Studio album by Eva Alordiah
- Released: 13 September 2016
- Recorded: 2012–16
- Length: 55:03
- Label: WOLTRK
- Producer: Tintin; Gray Jon'z;

Eva Alordiah chronology
| Eva (2014) | 1960 (2016) | Because You Been Waiting (2016) |

Singles from 1960
- "Deaf" Released: 24 January 2014; "War Coming" Released: 25 September 2014; "Deaf and Dumb" Released: 18 November 2014; "Kanayo" Released: 17 January 2016;

= 1960 (album) =

1960 is the debut studio album by Nigerian rapper Eva Alordiah. It was released exclusively by WOLTRK Entertainment on 13 September 2016. Postponed numerous times, the album features guest appearances from Yemi Alade, Olamide, Phyno, Reminisce, Sarkodie, Darey, Femi Kuti, and Sir Dauda. Eva worked with producers Gray Jon'z and Tintin to produce the album.

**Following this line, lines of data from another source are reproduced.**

text \<open>Every point of the cube is bracketed, componentwise, by two grid points at distance
  at most \<open>1/M\<close> in each coordinate (round every coordinate down, resp. up).\<close>
lemma grid_bracket:
  fixes t :: "real^'r::finite"
  assumes M: "M > 0" and t: "t \<in> unit_cube"
  obtains gm gp where "gm \<in> grid M" "gp \<in> grid M" "vle gm t" "vle t gp"
    "\<And>i. 0 \<le> gm $ i" "\<And>i. gp $ i \<le> 1" "\<And>i. gp $ i \<le> gm $ i + 1 / real M"
proof -
  define gp :: "real^'r" where "gp = (\<chi> i. real (nat \<lceil>real M * t $ i\<rceil>) / real M)"
  define gm :: "real^'r" where "gm = (\<chi> i. real (nat \<lfloor>real M * t $ i\<rfloor>) / real M)"
  have Mt: "0 \<le> real M * t $ i" "real M * t $ i \<le> real M" for i
    using t M by (auto simp: unit_cube_def mult_le_cancel_left1)
  have cp: "real (nat \<lceil>real M * t $ i\<rceil>) = real_of_int \<lceil>real M * t $ i\<rceil>" for i
    using Mt[of i] by (simp add: ceiling_le_zero)
  have cm: "real (nat \<lfloor>real M * t $ i\<rfloor>) = real_of_int \<lfloor>real M * t $ i\<rfloor>" for i
    using Mt[of i] by simp
  have gp_grid: "gp \<in> grid M"
  proof -
    have "nat \<lceil>real M * t $ i\<rceil> \<le> M" for i using Mt[of i]
      by (metis ceiling_le_iff ceiling_of_nat nat_le_iff of_int_of_nat_eq)
    thus ?thesis unfolding grid_def gp_def
      by (intro image_eqI[of _ _ "\<lambda>i. nat \<lceil>real M * t $ i\<rceil>"]) auto
  qed
  have gm_grid: "gm \<in> grid M"
  proof -
    have "nat \<lfloor>real M * t $ i\<rfloor> \<le> M" for i using Mt[of i]
      by (metis floor_le_iff floor_of_nat nat_le_iff of_int_of_nat_eq le_floor_iff less_floor_iff
          floor_mono zle_int)
    thus ?thesis unfolding grid_def gm_def
      by (intro image_eqI[of _ _ "\<lambda>i. nat \<lfloor>real M * t $ i\<rfloor>"]) auto
  qed
  have "t $ i \<le> gp $ i" for i
    using le_of_int_ceiling[of "real M * t $ i"] M by (simp add: gp_def cp field_simps)
  moreover have "gm $ i \<le> t $ i" for i
    using of_int_floor_le[of "real M * t $ i"] M by (simp add: gm_def cm field_simps)
  moreover have "gp $ i \<le> gm $ i + 1 / real M" for i
  proof -
    have "\<lceil>real M * t $ i\<rceil> \<le> \<lfloor>real M * t $ i\<rfloor> + 1"
      unfolding ceiling_le_iff using floor_correct[of "real M * t $ i"] by simp
    hence "real_of_int \<lceil>real M * t $ i\<rceil> \<le> real_of_int \<lfloor>real M * t $ i\<rfloor> + 1" by linarith
    thus ?thesis using M by (simp add: gp_def gm_def cp cm field_simps)
  qed
  moreover have "0 \<le> gm $ i" for i by (simp add: gm_def)
  moreover have "gp $ i \<le> 1" for i using gp_grid M by (auto simp: grid_def)
  ultimately show ?thesis using that gp_grid gm_grid by (simp add: vle_def)
qed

== Background and promotion ==
Following the release of her Gigo EP in 2011, Eva Alordiah began developing her debut studio album, later titled 1960. In a 2014 interview with Pulse Nigeria, she revealed that the project had been in progress for about 18 months and was being produced by Tintin and Gray Jon'z. She stated that the album would contain 14 tracks and include guest appearances from Femi Kuti, Sarkodie, Olamide, Darey, and Yemi Alade. In November 2014, Alordiah announced that the album would be titled 1960 and was initially scheduled for release on 14 January 2015. Ahead of the album, she issued a self-titled EP, Eva, on 20 November 2014 as a free digital release for fans.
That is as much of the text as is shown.